Pipette 13 μL PCR Master mix to each well in the reaction plate and mix by pipetting up and down several times.
-
13.
Seal the the plate and move to post-PCR area.
-
14.
Start the PCR program STRT-P1.
| STRT-P1 PCR cycling conditions | |||
|---|---|---|---|
| Steps | Temperature | Time | Cycles |
| Initial Denaturation | 98°C | 1 min | 1 |
| Denaturation | 98°C | 10 s | 10 cycles |
| Annealing | 62°C | 30 s | |
| Extension | 72°C | 5 min | |
| Hold | 4°C | forever | |
Sample pooling and purification
Timing: 30 min
-
15.
Spin the plate (1 min at 1500 × g). Pool the samples from all the wells into one 1.5 mL LoBind tube.
-
16.
Purify the content with PCR Clean-up column (NucleoSpin Gel and PCR Clean-up/Macherey-Nagel) according to manufacturer’s instructions. https://www.mn-net.com/media/pdf/02/1a/74/Instruction-NucleoSpin-Gel-and-PCR-Clean-up.pdf
Alternatives: You can also use equivalent kit for clean-up from other suppliers; however, we have not tested the impact of alternatives on protocol performance.
-
17.
Elute with 32 μL elution buffer from the kit into a clean 1.5 mL LoBind tube.
-
18.Take 2 μL aside for TapeStation (HS D1000) for first quality control (sample QC-1).
-
a.30 μL is left for the next step.
-
b.Keep the QC-1 sample on ice or at −20°C until you are ready with your QC-2 sample (step 26) and analyze them simultaneously.

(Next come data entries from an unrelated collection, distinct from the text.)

(* Let $k$ be a positive integer, $a\ge k+2$ an integer and $G=K_a\,\square\,K_a$. Then $\gamma_{P,k}(G/e)=a-k-1$ for every edge $e$ of $G$.
   Context: $K_a$ is the complete graph on $a$ vertices and $\square$ denotes the Cartesian product of graphs. For an edge $e=xy$, the contraction $G/e$ is obtained from $G-e$ by replacing $x$ and $y$ by a new vertex $v_{xy}$ adjacent to all vertices of $N_{G-e}(x)\cup N_{G-e}(y)$ (other than $x,y$). $N_G[v]$ is the closed neighbourhood of $v$, and $N_G[S]$ the union of closed neighbourhoods of vertices of $S$. For $S\subseteq V(G)$, define $\mathcal{P}^{0}_{G,k}(S)=N_G[S]$ and $\mathcal{P}^{i+1}_{G,k}(S)=\bigcup\{N_G[v] : v\in \mathcal{P}^{i}_{G,k}(S),\ |N_G[v]\setminus \mathcal{P}^{i}_{G,k}(S)|\le k\}$; these increase and stabilize to $\mathcal{P}^{\infty}_{G,k}(S)$. $S$ is a $k$-power dominating set if $\mathcal{P}^{\infty}_{G,k}(S)=V(G)$; $\gamma_{P,k}(G)$ is the minimum size of such a set. *)

theory Defs
  imports Main
begin

text \<open>A (simple) graph is given by a vertex set V and a symmetric irreflexive
  adjacency relation E (only its restriction to V matters).\<close>

definition closed_nbhd :: "'a set \<Rightarrow> ('a \<Rightarrow> 'a \<Rightarrow> bool) \<Rightarrow> 'a \<Rightarrow> 'a set" where
  "closed_nbhd V E v = insert v {u \<in> V. E v u}"

definition closed_nbhd_set :: "'a set \<Rightarrow> ('a \<Rightarrow> 'a \<Rightarrow> bool) \<Rightarrow> 'a set \<Rightarrow> 'a set" where
  "closed_nbhd_set V E S = (\<Union>v\<in>S. closed_nbhd V E v)"

fun kpower_obs :: "'a set \<Rightarrow> ('a \<Rightarrow> 'a \<Rightarrow> bool) \<Rightarrow> nat \<Rightarrow> 'a set \<Rightarrow> nat \<Rightarrow> 'a set" where
  "kpower_obs V E k S 0 = closed_nbhd_set V E S"
| "kpower_obs V E k S (Suc i) =
     \<Union>{closed_nbhd V E v | v. v \<in> kpower_obs V E k S i \<and>
          card (closed_nbhd V E v - kpower_obs V E k S i) \<le> k}"

definition kpower_obs_inf :: "'a set \<Rightarrow> ('a \<Rightarrow> 'a \<Rightarrow> bool) \<Rightarrow> nat \<Rightarrow> 'a set \<Rightarrow> 'a set" where
  "kpower_obs_inf V E k S = (\<Union>i. kpower_obs V E k S i)"
lemma expected_delta_H_le_measure:
  assumes n: "0 < n"
    and est: "est \<in> measurable (obs_space n d) (count_space UNIV)"
    and U: "U \<in> sets (noise n d)"
    and correct: "\<And>\<omega>. \<omega> \<in> space (noise n d) \<Longrightarrow> \<omega> \<notin> U \<Longrightarrow> est (obs n d \<theta> \<sigma> \<pi>s \<omega>) = \<pi>s"
  shows "(\<integral>y. delta_H n (est y) \<pi>s \<partial>data_law n d \<theta> \<sigma> \<pi>s) \<le> measure (noise n d) U"
proof -
  interpret prob_space "noise n d" by (rule prob_space_noise)
  have f: "(\<lambda>y. delta_H n (est y) \<pi>s) \<in> borel_measurable (obs_space n d)"
    using measurable_compose[OF est, of "\<lambda>p. delta_H n p \<pi>s" borel] by simp
  have "(\<integral>y. delta_H n (est y) \<pi>s \<partial>data_law n d \<theta> \<sigma> \<pi>s)
      = (\<integral>\<omega>. delta_H n (est (obs n d \<theta> \<sigma> \<pi>s \<omega>)) \<pi>s \<partial>noise n d)"
    unfolding data_law_def by (rule integral_distr[OF obs_measurable f])
  also have "\<dots> \<le> (\<integral>\<omega>. indicator U \<omega> \<partial>noise n d)"
  proof (rule integral_mono)
    show "integrable (noise n d) (\<lambda>\<omega>. delta_H n (est (obs n d \<theta> \<sigma> \<pi>s \<omega>)) \<pi>s)"
      using measurable_compose[OF obs_measurable f] delta_H_le1[OF n] delta_H_nonneg
      by (intro integrable_const_bound[where B=1]) auto
    show "integrable (noise n d) (indicator U :: _ \<Rightarrow> real)"
      using U by (intro integrable_const_bound[where B=1]) (auto simp: indicator_def)
    show "delta_H n (est (obs n d \<theta> \<sigma> \<pi>s \<omega>)) \<pi>s \<le> indicator U \<omega>" if "\<omega> \<in> space (noise n d)" for \<omega>
      using correct[OF that] delta_H_le1[OF n] delta_H_self by (cases "\<omega> \<in> U") auto
  qed
  also have "\<dots> = measure (noise n d) U" using U by simp
  finally show ?thesis .
qed

theorem theorem7:
  fixes n d :: nat and \<alpha> :: real and \<sigma> :: "nat \<Rightarrow> real"
    and \<pi>s :: "nat \<Rightarrow> nat" and \<theta> :: "nat \<Rightarrow> nat \<Rightarrow> real"
    and est :: "(bool \<times> nat \<times> nat \<Rightarrow> real) \<Rightarrow> (nat \<Rightarrow> nat)"
  assumes "n \<ge> 2" and "d \<ge> 1" and "0 < \<alpha>" and "\<alpha> < 1"
    and "\<forall>i<n. \<sigma> i > 0"
    and "\<pi>s permutes {..<n}"
    and "est \<in> measurable (obs_space n d) (count_space UNIV)"
    and "(\<forall>y \<in> space (obs_space n d). is_argmin_perm n (cost_LSNS n d \<sigma> (\<sigma> \<circ> \<pi>s) y) (est y))
         \<or> (\<forall>y \<in> space (obs_space n d). is_argmin_perm n (cost_LSL n d y) (est y))"
    and "kappa_bar n d \<theta> \<sigma> \<ge>
           4 * max (sqrt (2 * ln (8 * real n ^ 2 / \<alpha>))) (root 4 (real d * ln (4 * real n ^ 2 / \<alpha>)))"
  shows "(\<integral>y. delta_H n (est y) \<pi>s \<partial>data_law n d \<theta> \<sigma> \<pi>s) \<le> \<alpha>"
proof -
  note sig = assms(5) and perm = assms(6)
  define T where "T = real d + (kappa_bar n d \<theta> \<sigma>)^2/4"
  define U where "U = (\<Union>(i, j) \<in> {..<n} \<times> {..<n}. bad_event n d \<theta> \<sigma> \<pi>s T j i)"
  have "U \<in> sets (noise n d)"
    unfolding U_def by (rule union_bad_events_sets[OF sig perm])
  moreover have "est (obs n d \<theta> \<sigma> \<pi>s \<omega>) = \<pi>s" if "\<omega> \<in> space (noise n d)" "\<omega> \<notin> U" for \<omega>
  proof (rule est_eq_off_bad_events[OF perm sig _ assms(8) that(1)])
    show "0 < T" using assms(2) by (simp add: T_def add_pos_nonneg)
    show "\<omega> \<notin> bad_event n d \<theta> \<sigma> \<pi>s T j i" if "i < n" "j < n" for i j
      using \<open>\<omega> \<notin> U\<close> that unfolding U_def by blast
  qed
  ultimately have "(\<integral>y. delta_H n (est y) \<pi>s \<partial>data_law n d \<theta> \<sigma> \<pi>s) \<le> measure (noise n d) U"
    using assms(1) by (intro expected_delta_H_le_measure[OF _ assms(7)]) auto
  also have "measure (noise n d) U \<le> \<alpha>"
    unfolding U_def T_def using assms(1-6,9) by (rule prob_union_bad_events_le)
  finally show ?thesis .
qed

end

Pause point: The sample can be stored at −20°C up to 1 month.
-
a.
Fragmentation of full-length cDNA
Timing: 30 min
-
19.
Mix AMPure XP beads well. (You should have homogenous brown solution and no bead precipitates. It is recommended to take an aliquot of 200–500 μL into a 2 mL tube and mix by vortexing before each use.)
-
20.
Add 24 μL AMPure XP beads to the 30 μL cDNA tube (from step 18). Mix well by vortexing and keep 10 min at 20°C–22°C.
-
21.
Place the tube on the magnetic stand for at least 3 min or until the supernatant is clear and discard the supernatant.
-
22.
Remove the tube from the magnetic rack and re-suspend the beads in 100 μL EB. Wait for at least 1 min.
-
23.
Capture the beads on a magnet and transfer the supernatant (100 μL, containing the cDNA) into a clean 1.5 mL LoBind tube.
-
24.
Shear the amplified cDNA with Covaris Focused ultrasonicator (or compatible), using 130 μL microtubes. Set the parameters to produce 300 bp fragments according to the manufacturer’s protocol. https://www.covaris.com/protocols/?sku=500295
-
25.
Purify and concentrate the fragmented product with PCR Clean-up column (NucleoSpin Gel and PCR Clean-up). Elute with 32 μL elution buffer from the kit into a clean 1.5 mL LoBind tube.
-
26.
Take 2 μL aside for TapeStation for the second quality control step (sample QC-2). 30 μL is left for the next step.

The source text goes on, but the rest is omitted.